Живя в казарме и истребляя деревянной ложкой с толстым черешком варево «без названия», он вполне понимал всю мизерность своего положения, всю свою подчиненность новым и еще неизвестным людям и новым и тоже еще неизвестным обстоятельствам. Поэтому он был как нельзя более осторожен и робок в своих поступках, в своей переписке с братом Мишей и со всеми родными и во всем поведении с солдатами, офицерами и чиновниками, коих постепенно узнавал все более и более.

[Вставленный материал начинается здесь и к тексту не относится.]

(* Let $0\le k<d$ and let $L(X)\in\mathbb F_{q^2}[X]$ satisfy $L(0)\neq0$, $\deg L=t<(q+1)/d$, and $L$ has no root in $A_k$. (i) If there exist an integer $0\le\tau<(q+1)/d$ and $\lambda\in\mu_{q+1}$ such that $\tilde L(x)/L(x)=\lambda x^\tau$ for all $x\in A_k$, then either $\tau=0$ or $(q+1)/d-t\le\tau\le t$. (ii) For $\lambda\in\mu_{q+1}$: $\tilde L(x)/L(x)=\lambda$ for all $x\in A_k$ if and only if $\tilde L(X)=\lambda L(X)$. (iii) For $\lambda\in\mu_{q+1}$ and an integer $\tau$ with $(q+1)/d-t\le\tau\le t$: $\tilde L(x)/L(x)=\lambda x^\tau$ for all $x\in A_k$ if and only if $L(X)=P(X)+X^{(q+1)/d-\tau}Q(X)$ for some $P,Q\in\mathbb F_{q^2}[X]$ with $\deg P=t-\tau$, $\tilde P=\lambda P$, $\deg Q=\tau+t-(q+1)/d$ and $\tilde Q=\lambda\epsilon^kQ$.
   Context: $q$ is a prime power, $d$ is a positive divisor of $q+1$, and $\epsilon\in\mathbb F_{q^2}^*$ has multiplicative order $d$. $\mu_m$ denotes the subgroup of order $m$ of $\mathbb F_{q^2}^*$. For $0\le k<d$, $A_k=\{x\in\mu_{q+1}: x^{(q+1)/d}=\epsilon^k\}$. For $a\in\mathbb F_{q^2}$, $\bar a=a^q$. For $f(X)=\sum_{i=0}^n a_iX^i\in\mathbb F_{q^2}[X]$ with $a_n\neq0$, $\bar f(X)=\sum_{i=0}^n\bar a_iX^i$ and $\tilde f(X)=X^n\bar f(X^{-1})=\sum_{i=0}^n\bar a_iX^{n-i}$. *)

theory Defs
  imports "HOL-Computational_Algebra.Computational_Algebra" "HOL-Library.Cardinality"
begin

definition qbar :: "nat \<Rightarrow> 'a::field \<Rightarrow> 'a" where
  "qbar q a = a ^ q"

text \<open>For f = sum a_i X^i of degree n: tilde f = X^n fbar(1/X) = sum conj(a_i) X^(n-i).\<close>
definition qtilde :: "nat \<Rightarrow> 'a::field poly \<Rightarrow> 'a poly" where
  "qtilde q f = (\<Sum>i\<le>degree f. monom (qbar q (coeff f i)) (degree f - i))"

definition mu :: "nat \<Rightarrow> 'a::field set" where
  "mu m = {x. x ^ m = 1}"

definition Aset :: "nat \<Rightarrow> nat \<Rightarrow> 'a::field \<Rightarrow> nat \<Rightarrow> 'a set" where
  "Aset q d eps k = {x \<in> mu (q + 1). x ^ ((q + 1) div d) = eps ^ k}"

end

theory Submission
  imports Defs
begin

text \<open>Put m = (q+1)/d. Every x in A_k satisfies x^m = eps^k, and counting fibres of x \<mapsto> x^m on
  the multiplicative group shows |A_k| = m. As tilde L and L have degree below m, the identity
  tilde L(x) = lam x^tau L(x) on A_k is therefore equivalent to the polynomial identity
  tilde L = lam (X^tau L mod (X^m - eps^k)). Comparing the coefficients of X^0 and X^t, which are
  nonzero on the left, gives (i); tau = 0 gives (ii). For (iii) split L = P + X^(m-tau) Q with
  deg P < m - tau: then tilde L = X^tau tilde P + tilde Q, and the identity separates by degree
  into tilde P = lam P and tilde Q = lam eps^k Q.\<close>

lemma power_card_minus_1_eq_1:
  fixes x :: "'a::{field,finite}"
  assumes "x \<noteq> 0"
  shows "x ^ (CARD('a) - 1) = 1"
proof -
  let ?U = "UNIV - {0::'a}"
  have "x ^ card ?U * \<Prod>?U = (\<Prod>y\<in>?U. x * y)"
    by (simp add: prod.distrib)
  also have "\<dots> = \<Prod>?U"
    by (rule prod.reindex_bij_witness[of _ "\<lambda>y. y / x" "\<lambda>y. x * y"]) (use assms in auto)
  finally have "x ^ card ?U = 1"
    by simp
  thus ?thesis
    by (simp add: card_Diff_singleton)
qed

lemma card_fibre_eq_if_card_le:
  fixes f :: "'a \<Rightarrow> 'b"
  assumes "finite S" "finite T" "f ` S \<subseteq> T" "card T \<le> a" "card S = a * b"
    and fibre_le: "\<And>y. y \<in> T \<Longrightarrow> card {x\<in>S. f x = y} \<le> b"
    and "y \<in> T"
  shows "card {x\<in>S. f x = y} = b"
proof -
  have "card S = (\<Sum>y\<in>T. card {x\<in>S. f x = y})"
    using sum.group[OF assms(1-3), of "\<lambda>_. 1::nat"] by simp
  hence "card S + (\<Sum>y\<in>T. b - card {x\<in>S. f x = y}) = card T * b"
    using fibre_le by (simp flip: sum.distrib)
  moreover have "card T * b \<le> card S"
    using assms(4,5) by simp
  ultimately have "(\<Sum>y\<in>T. b - card {x\<in>S. f x = y}) = 0"
    by linarith
  thus ?thesis
    using assms(2,7) fibre_le[OF assms(7)] by (simp add: le_antisym)
qed

lemma card_power_eq_le:
  fixes c :: "'a::field"
  assumes "m > 0"
  shows "card {x. x ^ m = c} \<le> m"
proof -
  let ?p = "monom 1 m - [:c:]"
  have "coeff ?p m = 1"
    using assms by (simp add: coeff_pCons split: nat.split)
  hence "?p \<noteq> 0" "m \<le> degree ?p"
    by (metis coeff_0 zero_neq_one, simp add: le_degree)
  moreover have "degree ?p \<le> m"
    by (rule order.trans[OF degree_diff_le_max]) (simp add: degree_monom_le)
  moreover have "{x. x ^ m = c} = {x. poly ?p x = 0}"
    by (simp add: poly_monom)
  ultimately show ?thesis
    using card_poly_roots_bound[of ?p] by simp
qed

text \<open>The equation x^m = c with c^e = 1 has exactly m solutions when m e = |F| - 1: every fibre of
  x \<mapsto> x^m on the e m units has at most m points, and the image lies in the e-th roots of unity.\<close>
lemma card_power_eq:
  fixes c :: "'a::{field,finite}"
  assumes me: "m * e = CARD('a) - 1" and c: "c ^ e = 1"
  shows "card {x. x ^ m = c} = m"
proof -
  have "CARD('a) \<ge> 2"
    using card_mono[of UNIV "{0::'a, 1}"] by simp
  hence pos: "m > 0" "e > 0"
    using me by (auto intro!: Nat.gr0I)
  let ?S = "{x::'a. x \<noteq> 0}" and ?T = "{y::'a. y ^ e = 1}"
  have "card {x\<in>?S. x ^ m = c} = m"
  proof (rule card_fibre_eq_if_card_le[where a = e])
    show "(\<lambda>x. x ^ m) ` ?S \<subseteq> ?T"
    proof clarify
      fix x :: 'a
      assume "x \<noteq> 0"
      hence "x ^ (m * e) = 1"
        unfolding me by (rule power_card_minus_1_eq_1)
      thus "(x ^ m) ^ e = 1"
        by (simp add: power_mult)
    qed
    show "card ?T \<le> e"
      using pos(2) by (rule card_power_eq_le)
    have "?S = UNIV - {0}"
      by auto
    thus "card ?S = e * m"
      using me by (simp add: card_Diff_singleton mult.commute)
    show "card {x\<in>?S. x ^ m = y} \<le> m" for y
      using card_mono[of "{x. x ^ m = y}" "{x\<in>?S. x ^ m = y}"] card_power_eq_le[OF pos(1), of y]
      by (auto intro: order.trans)
  qed (use c in auto)
  moreover have "{x\<in>?S. x ^ m = c} = {x. x ^ m = c}"
    using c pos by (auto simp: zero_power)
  ultimately show ?thesis
    by simp
qed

Однако, понимая все это, он никак не мирился со своей приниженностью и в душе бессильно на нее роптал, считая, что ему надо наконец ж и т ь, и даже намереваясь все более и более жить и жить. Он боялся, как бы новые годы не продолжали идти бесплодно — в черном, горемычном быту. Деньги и книги — вот что нужно было ему, как воздух, как хлеб. «Книги — это моя будущность, это моя пища, это вся моя жизнь», — думал он и писал о том первому и главному своему поверенному брату Мише, на которого возлагал сейчас все свои надежды, как на помощника в нужде, еще не покинувшей его. Он с жадностью глядел на книги и решил читать и читать. «Ужасно я отстал», — говорил он себе. Его потянуло к философии. Брата он просил непременно прислать Гегелеву «Историю философии», «Критику чистого разума» Канта и иные сочинения. Просил и европейских историков, и «Отечественные записки» и «святых отцов», и Коран, и древнейших историографов и жизнеописателей, вплоть до Флавия, Плутарха и Диодора. «Пойми, как мне нужна эта духовная пища!» — взывал он к брату. И Михаил Михайлович хоть не слишком часто, но посылал с почтой или с оказией и книги и деньги: то 50 рублей, то 25, то еще сколько-нибудь, — лишь бы кошелек Федора Михайловича был в некоторой исправности.
Но особливо Федор Михайлович кинулся к современной литературе. Что и о чем пишут? Как пишут? И кто, кто именно пишет? Он разыскивал журналы последних лет и выкапывал там сочинения Тургенева, Писемского, Островского и иных и многое, многое уже отложил у себя в памяти, даже припрятал где-то в сердце. Впрочем, комедии Островского ему не понравились. Зато в Тургеневе он подметил огромный талант, хотя вместе с тем и какую-то невыдержанность. Очень понравился ему Писемский: хорошо рассказывает, решил он. Прочитал он в «Современнике» и разные новые сочинения — «Историю моего детства» и «Отрочество» некоего автора, скрывавшего себя за инициалами Л. Н., и все допытывался, кто же это такой «Л. Н.», подписавшийся столь боязливо, только двумя буквами,-под сочинениями, достойными крупного и полного имени. Своих столичных знакомых он просил разгадать ему эту загадку с буквами и наконец получил разгадку: граф Лев Николаевич Толстой. Это новое имя запомнилось и сразу почему-то внушило ему расположение. Повести «Л. Н.» ему очень понравились, хотя и показались какими-то случайными, так что он даже подумал: их автор «много не напишет» (но тут, может быть, оговорился он про себя, он и ошибается). Перечел Федор Михайлович в журналах и все новые стихи, и очень многие найдены были им положительно превосходными, особенно стихи его старого друга Майкова и еще особеннее стихи Тютчева, которого Федор Михайлович счел просто замечательным сочинителем.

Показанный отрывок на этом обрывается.